# First Attempt at a cross-cut sled



## zipmac22 (Jan 24, 2016)

I had fun and learned a lot while making my first cross-cut sled. When I used the 5th cut method I came up with an error of ( .177 ). After moving the fence I performed another 5th cut method and came up with an error of ( .008 )! I guess I can live with an error that small.


----------



## woodbutcherbynight (Oct 21, 2011)

A valuable addition to your saw, well worth the time invested in making as accurate as you can. Two suggestions, I would coat the entire unit with some sort of finish, 2. more of a safety block on the end where the blade comes through. Paint that red as a visual reminder to keep clear.


----------



## DirtyMike (Dec 6, 2015)

I have found that making the back fence uncomfortable where your hands dont need to be keeps my hands clear. I had to add wood to the rear of mine to keep the blade hid. good looking sled


----------



## RichT (Oct 14, 2016)

This is my main sled. The block at the back keeps my thumbs out of the way. Stick with a stable material for the base. I like MDF, but others prefer plywood. Either works. And, I don't finish the top surface. I want that friction to keep the work in place. I do wax the bottom though, so it slides easily.


----------



## Redoak49 (Dec 15, 2012)

That is very good for a first try. I have a clue of sleds. I built a big one and only use it once in awhile. I have a smaller sled about 18" long that I use a lot. I also glued some 220 sand paper on it on the back piece to keep things from moving. My sled is finished with shellac.


----------



## BLarge (Aug 29, 2011)

Im surprised more people don't design a sled with an adjustable back. I have built a few sleds, and it seems no matter how accurate that thing is when its done, over time it always get a little out out of square… my guess is from taking it on and off the table, torquing even the slightest, etc.

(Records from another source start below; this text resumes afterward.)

(* Let $n\ge1$ and let $\delta_1,\ldots,\delta_n>0$ with $\min_j\delta_j<\max_j\delta_j$. Then for every $\xi>0$, $$\int_0^\infty s^{n-1}\prod_{j=1}^n(1+\delta_js)^{-1-\xi}\,ds<\frac{B(n,n\xi)}{\prod_{j=1}^n\delta_j},$$ where $B(\cdot,\cdot)$ is the beta function. *)

theory Defs
  imports "HOL-Analysis.Analysis"
begin

end

theory Submission
  imports Defs "HOL-Real_Asymp.Real_Asymp"
begin

text \<open>
  Let G be the geometric mean of the numbers \<delta> j and put x j = \<delta> j * s with s > 0. AM-GM, applied
  once to the numbers 1 / (1 + x j) and once to the numbers x j / (1 + x j), whose arithmetic means
  add up to 1, gives (1 + G s)^n \<le> \<Prod>j (1 + x j). The inequality is strict when two \<delta> j differ:
  replacing both by their geometric mean keeps G but lowers the product. Hence the integrand lies
  strictly below s^(n - 1) (1 + G s)^(-n(1 + \<xi>)), whose integral over (0, \<infinity>) is B(n, n \<xi>) / G^n
  by the substitution s = u / (G (1 - u)).
\<close>

lemma set_integral_strict_mono_nonneg:
  fixes f g :: "_ \<Rightarrow> real"
  assumes g: "set_integrable M A g" and f: "set_borel_measurable M A f"
    and A: "A \<in> sets M" "A \<notin> null_sets M"
    and f_nonneg: "\<And>x. x \<in> A \<Longrightarrow> 0 \<le> f x" and less: "\<And>x. x \<in> A \<Longrightarrow> f x < g x"
  shows "set_integrable M A f" and "(LINT x:A|M. f x) < (LINT x:A|M. g x)"
proof -
  have "norm (f x) \<le> norm (g x)" if "x \<in> A" for x
    using f_nonneg[OF that] less[OF that] by simp
  then have "AE x in M. x \<in> A \<longrightarrow> norm (f x) \<le> norm (g x)"
    by (intro AE_I2) simp
  then show f_int: "set_integrable M A f"
    by (rule set_integrable_bound[OF g f])
  have "(LINT x:A|M. f x) \<le> (LINT x:A|M. g x)"
    using f_int g less by (intro set_integral_mono) (auto intro: less_imp_le)
  moreover have "(LINT x:A|M. f x) \<noteq> (LINT x:A|M. g x)"
  proof
    assume eq: "(LINT x:A|M. f x) = (LINT x:A|M. g x)"
    let ?D = "\<lambda>x. indicator A x *\<^sub>R (g x - f x)"
    have "integrable M ?D"
      using set_integral_diff(1)[OF g f_int] by (simp add: set_integrable_def)
    moreover have "(LINT x:A|M. ?D x) = (LINT x:A|M. g x - f x)"
      by (rule set_lebesgue_integral_cong) (auto simp: A)
    ultimately have "A \<in> null_sets M"
      using eq set_integral_diff(2)[OF g f_int] less
      by (intro null_if_pos_func_has_zero_int[OF _ A(1)]) auto
    with A(2) show False ..
  qed
  ultimately show "(LINT x:A|M. f x) < (LINT x:A|M. g x)"
    by simp
qed

lemma Beta_set_integral:
  fixes a b :: real
  assumes "a > 0" "b > 0"
  shows "set_integrable lborel {0<..<1} (\<lambda>u. u powr (a - 1) * (1 - u) powr (b - 1))"
    and "(LBINT u:{0<..<1}. u powr (a - 1) * (1 - u) powr (b - 1)) = Beta a b"
proof -
  let ?B = "\<lambda>u::real. u powr (a - 1) * (1 - u) powr (b - 1)"
  have has_int: "(?B has_integral Beta a b) {0<..<1}"
    using has_integral_Beta_real[of a b] assms by (simp add: has_integral_Icc_iff_Ioo)
  have "?B absolutely_integrable_on {0<..<1}"
    using has_int by (intro nonnegative_absolutely_integrable_1) (auto simp: has_integral_integrable)
  moreover have "(\<lambda>u. indicator {0<..<1} u *\<^sub>R ?B u) \<in> borel_measurable lborel"
    by measurable
  ultimately show int: "set_integrable lborel {0<..<1} ?B"
    unfolding set_integrable_def using integrable_completion by blast
  show "(LBINT u:{0<..<1}. ?B u) = Beta a b"
    using set_borel_integral_eq_integral(2)[OF int] has_int integral_unique by metis
qed

lemma Beta_set_integral_Ioi:
  fixes a b c :: real
  assumes a: "a > 0" and b: "b > 0" and c: "c > 0"
  shows "set_integrable lborel {0<..} (\<lambda>s. s powr (a - 1) * (1 + c * s) powr (- (a + b)))"
    and "(LBINT s:{0<..}. s powr (a - 1) * (1 + c * s) powr (- (a + b))) = Beta a b / c powr a"
proof -
  define F where "F = (\<lambda>s::real. s powr (a - 1) * (1 + c * s) powr (- (a + b)))"
  define g where "g = (\<lambda>u::real. u / (c * (1 - u)))"
  define g' where "g' = (\<lambda>u::real. 1 / (c * (1 - u)\<^sup>2))"
  have subst_eq: "F (g u) * g' u = u powr (a - 1) * (1 - u) powr (b - 1) / c powr a"
    if u: "0 < u" "u < 1" for u
  proof -
    have "1 + c * g u = 1 / (1 - u)"
      using u c by (simp add: g_def field_simps)
    then have "(1 + c * g u) powr (- (a + b)) = (1 - u) powr ((a - 1) + (b - 1) + 2)"
      using u by (simp only: powr_minus) (simp add: powr_divide)
    then have "(1 + c * g u) powr (- (a + b)) = (1 - u) powr (a - 1) * (1 - u) powr (b - 1) * (1 - u)\<^sup>2"
      using u by (simp only: powr_add powr_numeral)
    moreover have "g u powr (a - 1) = u powr (a - 1) / (c powr (a - 1) * (1 - u) powr (a - 1))"
      using u c by (simp add: g_def powr_divide powr_mult)
    moreover have "c powr a = c powr (a - 1) * c"
      using powr_add[of c "a - 1" 1] c by simp
    ultimately show ?thesis
      using u c by (simp add: F_def g'_def field_simps)
  qed
  have unit_interval: "einterval 0 1 = {0<..<1::real}"
    by (simp add: zero_ereal_def one_ereal_def)
  have half_line: "einterval 0 \<infinity> = {0::real<..}"
    by (simp add: zero_ereal_def)
  have "set_integrable lborel {0<..<1} (\<lambda>u. u powr (a - 1) * (1 - u) powr (b - 1) / c powr a)"
    using Beta_set_integral(1)[OF a b] by (rule set_integrable_divide)
  then have FG_int: "set_integrable lborel (einterval 0 1) (\<lambda>u. F (g u) * g' u)"
    unfolding unit_interval by (rule set_integrable_cong[THEN iffD2, rotated -1]) (auto simp: subst_eq)
  have "(LBINT u:einterval 0 1. F (g u) * g' u)
      = (LBINT u:{0<..<1}. u powr (a - 1) * (1 - u) powr (b - 1) / c powr a)"
    unfolding unit_interval by (rule set_lebesgue_integral_cong) (auto simp: subst_eq)
  also have "\<dots> = Beta a b / c powr a"
    by (simp add: set_integral_divide_zero Beta_set_integral(2)[OF a b])
  finally have FG_val: "(LBINT u:einterval 0 1. F (g u) * g' u) = Beta a b / c powr a" .
  have "(g \<longlongrightarrow> 0) (at_right 0)" "LIM u at_left 1. g u :> at_top"
    unfolding g_def using c by real_asymp+
  then have lims: "((ereal \<circ> g \<circ> real_of_ereal) \<longlongrightarrow> 0) (at_right 0)"
      "((ereal \<circ> g \<circ> real_of_ereal) \<longlongrightarrow> \<infinity>) (at_left 1)"
    by (simp_all add: zero_ereal_def one_ereal_def ereal_tendsto_simps)
  have g'_nonneg: "0 \<le> g' u" for u
    unfolding g'_def using c by simp
  have subst_conds: "(g has_real_derivative g' u) (at u)" "isCont F (g u)" "isCont g' u" "0 \<le> F (g u)"
    if "0 < ereal u" "ereal u < 1" for u
  proof -
    from that have u: "0 < u" "u < 1"
      by (simp_all add: zero_ereal_def one_ereal_def)
    then show "(g has_real_derivative g' u) (at u)"
      using c unfolding g_def g'_def
      by (auto intro!: derivative_eq_intros simp: divide_simps power2_eq_square) (simp add: algebra_simps)
    have "0 < 1 + c * g u"
      using u c by (simp add: g_def add_pos_nonneg)
    then show "isCont F (g u)"
      unfolding F_def using u c by (intro continuous_intros) (auto simp: g_def)
    show "isCont g' u"
      unfolding g'_def using u c by (intro continuous_intros) auto
    show "0 \<le> F (g u)"
      unfolding F_def by simp
  qed
  have "set_integrable lborel (einterval 0 \<infinity>) F"
    "(LBINT s=0..\<infinity>. F s) = (LBINT u=0..1. F (g u) * g' u)"
    using interval_integral_substitution_nonneg[OF _ subst_conds g'_nonneg lims FG_int] by simp_all
  then show "set_integrable lborel {0<..} F" "(LBINT s:{0<..}. F s) = Beta a b / c powr a"
    using FG_val by (simp_all add: half_line interval_lebesgue_integral_def)
qed

lemma power_one_plus_geometric_mean_le_prod:
  fixes x :: "'a \<Rightarrow> real"
  assumes S: "finite S" "S \<noteq> {}" and x: "\<And>i. i \<in> S \<Longrightarrow> x i \<ge> 0"
  shows "(1 + (\<Prod>i\<in>S. x i) powr (1 / card S)) ^ card S \<le> (\<Prod>i\<in>S. 1 + x i)"
proof -
  define P where "P = (\<Prod>i\<in>S. 1 + x i)"
  have P: "P > 0"
    unfolding P_def using x by (intro prod_pos) (auto simp: add_pos_nonneg)
  have k: "card S > 0"
    using S by (simp add: card_gt_0_iff)
  have "(\<Prod>i\<in>S. 1 / (1 + x i)) powr (1 / card S) \<le> (\<Sum>i\<in>S. (1 / (1 + x i)) / card S)"
    using x by (intro arith_geom_mean S) auto
  moreover have "(\<Prod>i\<in>S. x i / (1 + x i)) powr (1 / card S) \<le> (\<Sum>i\<in>S. (x i / (1 + x i)) / card S)"
    using x by (intro arith_geom_mean S) auto
  moreover have "(\<Sum>i\<in>S. (1 / (1 + x i)) / card S) + (\<Sum>i\<in>S. (x i / (1 + x i)) / card S) = 1"
  proof -
    have "(1 / (1 + x i)) / card S + (x i / (1 + x i)) / card S = 1 / card S" if "i \<in> S" for i
      using x[OF that] by (simp add: add_divide_distrib[symmetric])
    then show ?thesis
      using k by (simp add: sum.distrib[symmetric])
  qed
  ultimately have "(1 / P) powr (1 / card S) + ((\<Prod>i\<in>S. x i) / P) powr (1 / card S) \<le> 1"
    unfolding P_def by (simp add: prod_dividef)
  then have "1 + (\<Prod>i\<in>S. x i) powr (1 / card S) \<le> P powr (1 / card S)"
    using P x by (simp add: powr_divide prod_nonneg add_divide_distrib[symmetric] divide_le_eq)
  then have "(1 + (\<Prod>i\<in>S. x i) powr (1 / card S)) ^ card S \<le> (P powr (1 / card S)) ^ card S"
    by (intro power_mono) auto
  also have "\<dots> = P"
    using P k by (simp add: powr_realpow[symmetric] powr_powr)
  finally show ?thesis
    unfolding P_def .
qed

lemma power_one_plus_geometric_mean_less_prod:
  fixes x :: "'a \<Rightarrow> real"
  assumes S: "finite S" and ab: "a \<in> S" "b \<in> S" "x a \<noteq> x b"
    and x: "\<And>i. i \<in> S \<Longrightarrow> x i > 0"
  shows "(1 + (\<Prod>i\<in>S. x i) powr (1 / card S)) ^ card S < (\<Prod>i\<in>S. 1 + x i)"
proof -
  have "a \<noteq> b"
    using ab by auto
  then have split: "prod f S = f a * f b * prod f (S - {a, b})" for f :: "'a \<Rightarrow> real"
    using S ab by (simp add: prod.remove[of S a] prod.remove[of "S - {a}" b] Diff_insert2[symmetric])
  define p q where "p = sqrt (x a)" and "q = sqrt (x b)"
  have p: "p * p = x a" and q: "q * q = x b"
    using x ab by (simp_all add: p_def q_def less_imp_le)
  define y where "y = x(a := p * q, b := p * q)"
  have y_rest: "prod (\<lambda>i. f (y i)) (S - {a, b}) = prod (\<lambda>i. f (x i)) (S - {a, b})" for f :: "real \<Rightarrow> real"
    by (intro prod.cong) (auto simp: y_def)
  have "(1 + x a) * (1 + x b) - (1 + p * q)\<^sup>2 = (p - q)\<^sup>2"
    by (simp add: p[symmetric] q[symmetric] power2_eq_square algebra_simps)
  moreover have "(p - q)\<^sup>2 > 0"
    using p q ab(3) by auto
  ultimately have smoothing: "(1 + p * q)\<^sup>2 < (1 + x a) * (1 + x b)"
    by linarith
  have rest_pos: "(\<Prod>i\<in>S - {a, b}. 1 + x i) > 0"
    using x by (intro prod_pos) (auto intro: add_pos_pos)
  have "(\<Prod>i\<in>S. y i) = (\<Prod>i\<in>S. x i)"
  proof -
    have "(p * q) * (p * q) = x a * x b"
      unfolding p[symmetric] q[symmetric] by (simp add: ac_simps)
    then show ?thesis
      using split[of y] split[of x] y_rest[of id] \<open>a \<noteq> b\<close> by (simp add: y_def)
  qed
  then have "(1 + (\<Prod>i\<in>S. x i) powr (1 / card S)) ^ card S = (1 + (\<Prod>i\<in>S. y i) powr (1 / card S)) ^ card S"
    by simp
  also have "\<dots> \<le> (\<Prod>i\<in>S. 1 + y i)"
    using S ab x by (intro power_one_plus_geometric_mean_le_prod) (auto simp: y_def p_def q_def less_imp_le)
  also have "\<dots> = (1 + p * q)\<^sup>2 * (\<Prod>i\<in>S - {a, b}. 1 + x i)"
    using split[of "\<lambda>i. 1 + y i"] y_rest[of "\<lambda>t. 1 + t"] \<open>a \<noteq> b\<close> by (simp add: y_def power2_eq_square)
  also have "\<dots> < (1 + x a) * (1 + x b) * (\<Prod>i\<in>S - {a, b}. 1 + x i)"
    using smoothing rest_pos by simp
  also have "\<dots> = (\<Prod>i\<in>S. 1 + x i)"
    using split[of "\<lambda>i. 1 + x i"] by simp
  finally show ?thesis .
qed

lemma prod_powr_less_geometric_mean_powr:
  fixes d :: "'a \<Rightarrow> real"
  assumes S: "finite S" and ab: "a \<in> S" "b \<in> S" "d a \<noteq> d b"
    and d: "\<And>i. i \<in> S \<Longrightarrow> d i > 0" and s: "s > 0" and \<xi>: "\<xi> > -1"
  shows "(\<Prod>i\<in>S. (1 + d i * s) powr (-1 - \<xi>))
    < (1 + (\<Prod>i\<in>S. d i) powr (1 / card S) * s) powr (- (real (card S) + real (card S) * \<xi>))"
proof -
  define G where "G = (\<Prod>i\<in>S. d i) powr (1 / card S)"
  have k: "card S > 0"
    using S ab by (auto simp: card_gt_0_iff)
  have "(\<Prod>i\<in>S. d i * s) powr (1 / card S) = G * (s ^ card S) powr (1 / card S)"
    unfolding G_def prod.distrib using d s by (simp add: powr_mult prod_nonneg less_imp_le)
  also have "(s ^ card S) powr (1 / card S) = s"
    using s k by (simp add: powr_realpow[symmetric] powr_powr)
  finally have "(1 + G * s) ^ card S < (\<Prod>i\<in>S. 1 + d i * s)"
    using power_one_plus_geometric_mean_less_prod[of S a b "\<lambda>i. d i * s"] S ab d s by auto
  moreover have "0 < 1 + G * s"
    using s by (simp add: G_def add_pos_nonneg)
  ultimately have "(\<Prod>i\<in>S. 1 + d i * s) powr (-1 - \<xi>) < ((1 + G * s) ^ card S) powr (-1 - \<xi>)"
    using \<xi> by (intro powr_less_mono2_neg) auto
  also have "((1 + G * s) ^ card S) powr (-1 - \<xi>) = (1 + G * s) powr (- (real (card S) + real (card S) * \<xi>))"
    using \<open>0 < 1 + G * s\<close> by (simp add: powr_realpow[symmetric] powr_powr algebra_simps)
  finally show ?thesis
    using d s by (simp add: G_def prod_powr_distrib add_nonneg_nonneg less_imp_le)
qed

lemma Ioi_not_null_sets_lborel: "{a::real<..} \<notin> null_sets lborel"
proof
  assume "{a<..} \<in> null_sets lborel"
  then have "{a<..<a + 1} \<in> null_sets lborel"
    by (rule null_sets_subset) auto
  then show False
    by (simp add: null_sets_def)
qed

theorem lemma7:
  fixes n :: nat and \<delta> :: "nat \<Rightarrow> real" and \<xi> :: real
  assumes "n \<ge> 1"
    and "\<And>j. j \<in> {1..n} \<Longrightarrow> \<delta> j > 0"
    and "Min (\<delta> ` {1..n}) < Max (\<delta> ` {1..n})"
    and "\<xi> > 0"
  shows "set_integrable lborel {0<..} (\<lambda>s. s ^ (n - 1) * (\<Prod>j=1..n. (1 + \<delta> j * s) powr (-1 - \<xi>)))
    \<and> (LBINT s:{0<..}. s ^ (n - 1) * (\<Prod>j=1..n. (1 + \<delta> j * s) powr (-1 - \<xi>)))
        < Beta (real n) (real n * \<xi>) / (\<Prod>j=1..n. \<delta> j)"
proof -
  note n = assms(1) and \<delta> = assms(2) and \<xi> = assms(4)
  define f where "f = (\<lambda>s. s ^ (n - 1) * (\<Prod>j=1..n. (1 + \<delta> j * s) powr (-1 - \<xi>)))"
  define G where "G = (\<Prod>j=1..n. \<delta> j) powr (1 / n)"
  define h where "h = (\<lambda>s::real. s powr (real n - 1) * (1 + G * s) powr (- (real n + real n * \<xi>)))"
  have "Min (\<delta> ` {1..n}) \<in> \<delta> ` {1..n}" "Max (\<delta> ` {1..n}) \<in> \<delta> ` {1..n}"
    using n by (auto intro!: Min_in Max_in)
  then obtain a b where ab: "a \<in> {1..n}" "b \<in> {1..n}" "\<delta> a \<noteq> \<delta> b"
    using assms(3) by (metis imageE less_irrefl)
  have less: "f s < h s" if "s \<in> {0<..}" for s
    using prod_powr_less_geometric_mean_powr[OF _ ab \<delta>, of s \<xi>] that n \<xi>
    by (simp add: f_def h_def G_def powr_realpow[symmetric] of_nat_diff)
  have "(\<Prod>j=1..n. \<delta> j) > 0"
    using \<delta> by (intro prod_pos) auto
  then have G: "G > 0" "G powr real n = (\<Prod>j=1..n. \<delta> j)"
    using n unfolding G_def powr_gt_zero by (linarith, simp add: powr_powr)
  have h: "set_integrable lborel {0<..} h" "(LBINT s:{0<..}. h s) = Beta n (n * \<xi>) / (\<Prod>j=1..n. \<delta> j)"
    using Beta_set_integral_Ioi[of n "n * \<xi>" G] n \<xi> G by (simp_all add: h_def)
  have "set_borel_measurable lborel {0<..} f"
    unfolding set_borel_measurable_def f_def by measurable
  moreover have "0 \<le> f s" if "s \<in> {0<..}" for s
    unfolding f_def using that by (intro mult_nonneg_nonneg prod_nonneg) auto
  ultimately show ?thesis
    using set_integral_strict_mono_nonneg[OF h(1) _ _ Ioi_not_null_sets_lborel _ less] h(2)
    unfolding f_def by simp
qed

end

I will post some pics of my newest sled, I borrowed the design from someone else, but its pretty darn cool.

But nice first sled indeed, you will be so happy when you need to square of ends and do a bunch of repeat same sized cuts!


----------



## Woodbum (Jan 3, 2010)

Good, accurately built sleds are worth their weigh in gold . They will make you a better woodworker. I have built a number of special purpose sleds and a couple of standard crosscut sleds and they make repetitive cuts easier and more accurate. Keep up the good work. Good Luck, Have Fun and Work Safely!


----------



## OleGrump (Jun 16, 2017)

I made a very similar sled about a month and a half ago, and am very happy with how it came out and how it works. I chose to keep mine simple, because A) As noted, when/if it gets out of square, I won't feel badly having to scrap it, and B) By keeping the end boards square, I can use simple blocks clamped in place for stops and hold downs if needed. Left mine untreated as well, but waxed the heck out of the bottom and the maple runners. Great looking sled! You will really enjoy the benefits of your work on this piece.


----------